At some point, many business owners execute a will or trust to provide for the disposition of their personal assets. Those dispositions will either specifically or generally deal with their business ownership interests as well. However, business succession planning is also affected by an entity’s governing documents. This blog addresses the possible conflicts between the entity documents and the individual owner’s estate planning documents. Make sure your business attorney and estate planning attorney are each aware of your plans so you can avoid such conflicts.
When a business owner makes an estate plan, they must decide where all their assets are to go, including ownership in the business. The owner—let’s call her Sam—may wish to leave half of XYZ Properties to her three children for their benefit. So, Sam’s will or trust will state that her ownership interests in the company (or perhaps simply all her assets) are to be divided equally among her three children. Whether or not this will actually happen depends on the governing documents of XYZ Properties.
There are several forms of business entities. But no matter the type of business, the owner(s) intentionally created it, and in cases where there is more than one owner, the owner intentionally chose the other person(s) with whom the company would be owned. In our case, let’s say Sam only owns half of XYZ. And provided that Sam and the other owner sought legal counsel at the time of the company’s formation, it is likely that the company’s governing documents will include provisions on how an owner may or may not transfer their ownership interests in the company. If XYZ is a corporation, those restrictions will appear in a Shareholder Agreement or other document. In a limited liability company, the restrictions will likely appear in the Operating Agreement. See my prior blog on documents containing buy-sell provisions in business entities.
Back to XYZ. Assuming Sam and her business partner gave thought to business succession planning and ownership transfers, it is likely that they have agreed that in the event of death, the other owner will have the first option to purchase the other owner’s interests.
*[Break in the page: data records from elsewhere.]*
lemma maximal_fip_on_ultrafilter_on:
  assumes M: "M \<subseteq> Pow (carrier G)" "fip_on (carrier G) M"
    and max: "\<And>Q. M \<subseteq> Q \<Longrightarrow> Q \<subseteq> Pow (carrier G) \<Longrightarrow> fip_on (carrier G) Q \<Longrightarrow> Q = M"
  shows "ultrafilter_on G M"
proof -
  let ?C = "carrier G"
  have meets: "?C \<inter> \<Inter>S \<noteq> {}" if "finite S" "S \<subseteq> M" for S
    using M(2) that by (simp add: fip_on_def)
  have mem: "P \<in> M"
    if "P \<subseteq> ?C" "\<And>S. finite S \<Longrightarrow> S \<subseteq> M \<Longrightarrow> ?C \<inter> \<Inter>S \<inter> P \<noteq> {}" for P
  proof (rule maximal_fip_on_memI[of M ?C])
    show "\<And>Q. M \<subseteq> Q \<Longrightarrow> Q \<subseteq> Pow ?C \<Longrightarrow> fip_on ?C Q \<Longrightarrow> Q = M" by (rule max)
  qed (use M that in auto)
  show ?thesis
    unfolding ultrafilter_on_def
  proof (intro conjI ballI allI impI)
    show "M \<subseteq> Pow ?C" by (rule M(1))
    show "?C \<in> M" by (rule mem) (use meets in auto)
    show "{} \<notin> M" using meets[of "{{}}"] by auto
  next
    fix P Q assume PQ: "P \<in> M" "Q \<in> M"
    show "P \<inter> Q \<in> M"
    proof (rule mem)
      show "P \<inter> Q \<subseteq> ?C" using PQ M(1) by blast
      fix S assume "finite S" "S \<subseteq> M"
      then show "?C \<inter> \<Inter>S \<inter> (P \<inter> Q) \<noteq> {}"
        using meets[of "insert P (insert Q S)"] PQ by auto
    qed
  next
    fix P Q assume PQ: "P \<in> M" "P \<subseteq> Q \<and> Q \<subseteq> ?C"
    show "Q \<in> M"
    proof (rule mem)
      show "Q \<subseteq> ?C" using PQ by blast
      fix S assume "finite S" "S \<subseteq> M"
      then show "?C \<inter> \<Inter>S \<inter> Q \<noteq> {}"
        using meets[of "insert P S"] PQ by auto
    qed
  next
    fix P assume P: "P \<subseteq> ?C"
    show "P \<in> M \<or> ?C - P \<in> M"
    proof (rule ccontr)
      assume "\<not> (P \<in> M \<or> ?C - P \<in> M)"
      then have "P \<notin> M" "?C - P \<notin> M" by auto
      then obtain S1 S2 where "finite S1" "S1 \<subseteq> M" "?C \<inter> \<Inter>S1 \<inter> P = {}"
        and "finite S2" "S2 \<subseteq> M" "?C \<inter> \<Inter>S2 \<inter> (?C - P) = {}"
        using mem[OF P] mem[of "?C - P"] by (metis Diff_subset)
      then have "?C \<inter> \<Inter>(S1 \<union> S2) = {}" by blast
      then show False using meets[of "S1 \<union> S2"] \<open>finite S1\<close> \<open>finite S2\<close> \<open>S1 \<subseteq> M\<close> \<open>S2 \<subseteq> M\<close> by blast
    qed
  qed
qed

lemma fip_on_extends_to_ultrafilter_on:
  assumes "F \<subseteq> Pow (carrier G)" "fip_on (carrier G) F"
  obtains p where "ultrafilter_on G p" "F \<subseteq> p"
proof -
  let ?C = "carrier G"
  define \<Q> where "\<Q> = {Q. F \<subseteq> Q \<and> Q \<subseteq> Pow ?C \<and> fip_on ?C Q}"
  have "\<exists>M\<in>\<Q>. \<forall>Q\<in>\<Q>. M \<subseteq> Q \<longrightarrow> Q = M"
  proof (rule subset_Zorn_nonempty)
    show "\<Q> \<noteq> {}" using assms by (auto simp: \<Q>_def)
  next
    fix \<C> assume \<C>: "\<C> \<noteq> {}" "subset.chain \<Q> \<C>"
    have "fip_on ?C (\<Union>\<C>)"
      unfolding fip_on_def
    proof (intro allI impI)
      fix S assume S: "finite S" "S \<subseteq> \<Union>\<C>"
      obtain Q where "Q \<in> \<C>" "S \<subseteq> Q"
        using finite_subset_Union_chain[OF S \<C>] .
      then show "?C \<inter> \<Inter>S \<noteq> {}" using \<C>(2) S by (auto simp: subset_chain_def \<Q>_def fip_on_def)
    qed
    moreover have "F \<subseteq> \<Union>\<C>" "\<Union>\<C> \<subseteq> Pow ?C"
      using \<C> by (fastforce simp: subset_chain_def \<Q>_def)+
    ultimately show "\<Union>\<C> \<in> \<Q>" by (simp add: \<Q>_def)
  qed
  then obtain M where M: "M \<in> \<Q>" and max: "\<And>Q. Q \<in> \<Q> \<Longrightarrow> M \<subseteq> Q \<Longrightarrow> Q = M" by blast
  have "ultrafilter_on G M"
  proof (rule maximal_fip_on_ultrafilter_on)
    show "M \<subseteq> Pow ?C" "fip_on ?C M" using M by (simp_all add: \<Q>_def)
    fix Q assume "M \<subseteq> Q" "Q \<subseteq> Pow ?C" "fip_on ?C Q"
    moreover have "F \<subseteq> M" using M by (simp add: \<Q>_def)
    ultimately have "Q \<in> \<Q>" by (auto simp: \<Q>_def)
    then show "Q = M" using max \<open>M \<subseteq> Q\<close> by blast
  qed
  moreover have "F \<subseteq> M" using M by (simp add: \<Q>_def)
  ultimately show thesis by (rule that)
qed

lemma fip_on_add_cofinite:
  assumes inf: "\<And>S. finite S \<Longrightarrow> S \<subseteq> F \<Longrightarrow> infinite (C \<inter> \<Inter>S)"
  shows "fip_on C (F \<union> {C - E | E. finite E})"
  unfolding fip_on_def
proof (intro allI impI)
  fix S assume S: "finite S" "S \<subseteq> F \<union> {C - E | E. finite E}"
  define S1 where "S1 = S \<inter> F"
  define S2 where "S2 = S - F"
  have "finite (C - Q)" if "Q \<in> S2" for Q
  proof -
    have "Q \<in> {C - E | E. finite E}"
      using that S(2) unfolding S2_def by blast
    then obtain E where "finite E" "Q = C - E" by blast
    then show ?thesis by (simp add: Diff_Diff_Int)
  qed
  moreover have "finite S2" using S(1) by (simp add: S2_def)
  ultimately have "finite (\<Union>Q\<in>S2. C - Q)" by (rule finite_UN_I[rotated])
  moreover have "infinite (C \<inter> \<Inter>S1)"
    using S by (intro inf) (auto simp: S1_def)
  ultimately have "infinite ((C \<inter> \<Inter>S1) - (\<Union>Q\<in>S2. C - Q))"
    by (simp add: Diff_infinite_finite)
  moreover have "(C \<inter> \<Inter>S1) - (\<Union>Q\<in>S2. C - Q) \<subseteq> C \<inter> \<Inter>S"
    unfolding S1_def S2_def by blast
  ultimately have "infinite (C \<inter> \<Inter>S)" by (rule infinite_super[rotated])
  then show "C \<inter> \<Inter>S \<noteq> {}" by auto
qed
(* Let $\mathscr H$ be a complex Hilbert space and $\mathbf{X},\mathbf{Y},\mathbf{Z},\mathbf{W}\in\mathbb{B}(\mathscr H)^d$. Then $$w_e\left(\begin{bmatrix}\mathbf{X}&\mathbf{Y}\\\mathbf{Z}&\mathbf{W}\end{bmatrix}\right)\ge\max\Big\{w_e(\mathbf{X}),w_e(\mathbf{W}),w_e\Big(\tfrac{\mathbf{Y}+\mathbf{Z}}{2}\Big),w_e\Big(\tfrac{\mathbf{Y}-\mathbf{Z}}{2}\Big)\Big\}$$ and $$w_e\left(\begin{bmatrix}\mathbf{X}&\mathbf{Y}\\\mathbf{Z}&\mathbf{W}\end{bmatrix}\right)\le\max\{w_e(\mathbf{X}),w_e(\mathbf{W})\}+w_e\Big(\tfrac{\mathbf{Y}+\mathbf{Z}}{2}\Big)+w_e\Big(\tfrac{\mathbf{Y}-\mathbf{Z}}{2}\Big).$$
   Context: $\mathbb{B}(\mathscr H)$ denotes the bounded linear operators on $\mathscr H$. $w_e(\mathbf{T})=\sup\{(\sum_{k}|\langle T_kx,x\rangle|^2)^{1/2}: \|x\|=1\}$ for $\mathbf{T}=(T_1,\dots,T_d)$. Tuple sums and scalar multiples are componentwise. For $d$-tuples, $\begin{bmatrix}\mathbf{X}&\mathbf{Y}\\\mathbf{Z}&\mathbf{W}\end{bmatrix}$ denotes the $d$-tuple $\left(\begin{bmatrix}X_k&Y_k\\Z_k&W_k\end{bmatrix}\right)_{k=1}^d$ of operators on $\mathscr H\oplus\mathscr H$. *)

theory Defs
  imports Complex_Main
begin

class complex_hilbert = ab_group_add +
  fixes scaleC :: "complex \<Rightarrow> 'a \<Rightarrow> 'a"
  fixes cinner :: "'a \<Rightarrow> 'a \<Rightarrow> complex"
  assumes scaleC_add_right: "scaleC a (x + y) = scaleC a x + scaleC a y"
    and scaleC_add_left: "scaleC (a + b) x = scaleC a x + scaleC b x"
    and scaleC_scaleC: "scaleC a (scaleC b x) = scaleC (a * b) x"
    and scaleC_one: "scaleC 1 x = x"
    and cinner_commute: "cinner x y = cnj (cinner y x)"
    and cinner_add_left: "cinner (x + y) z = cinner x z + cinner y z"
    and cinner_scaleC_left: "cinner (scaleC a x) y = cnj a * cinner x y"
    and cinner_ge_zero: "0 \<le> Re (cinner x x)"
    and cinner_eq_zero_iff: "cinner x x = 0 \<longleftrightarrow> x = 0"
    and cinner_complete:
      "(\<forall>e>0. \<exists>N::nat. \<forall>m\<ge>N. \<forall>n\<ge>N. Re (cinner ((f::nat \<Rightarrow> 'a) m - f n) (f m - f n)) < e)
        \<Longrightarrow> (\<exists>l. \<forall>e>0. \<exists>N::nat. \<forall>n\<ge>N. Re (cinner (f n - l) (f n - l)) < e)"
No matter how great Sam’s kids are, the other owner would likely prefer to pay them for Sam’s interest and continue to run the business than to have the kids as co-owners. If Sam and the other owner have signed a typical agreement providing for this option, then the option will take precedence over the provisions of Sam’s will. The kids will likely receive money for the company at some value, but they won’t be splitting up the company ownership.
What is the answer here? Make sure that you carefully consider where you want your business interest to go at your passing, and make sure that your estate planning attorney and your business attorney are in contact. These two departments at BGS coordinate their efforts to make sure that what the owner desires is properly reflected and will be honored. If Sam truly wants her three children to be owners, that conversation needs to happen with the other owner, and corporate counsel may play a role in helping set out the various options.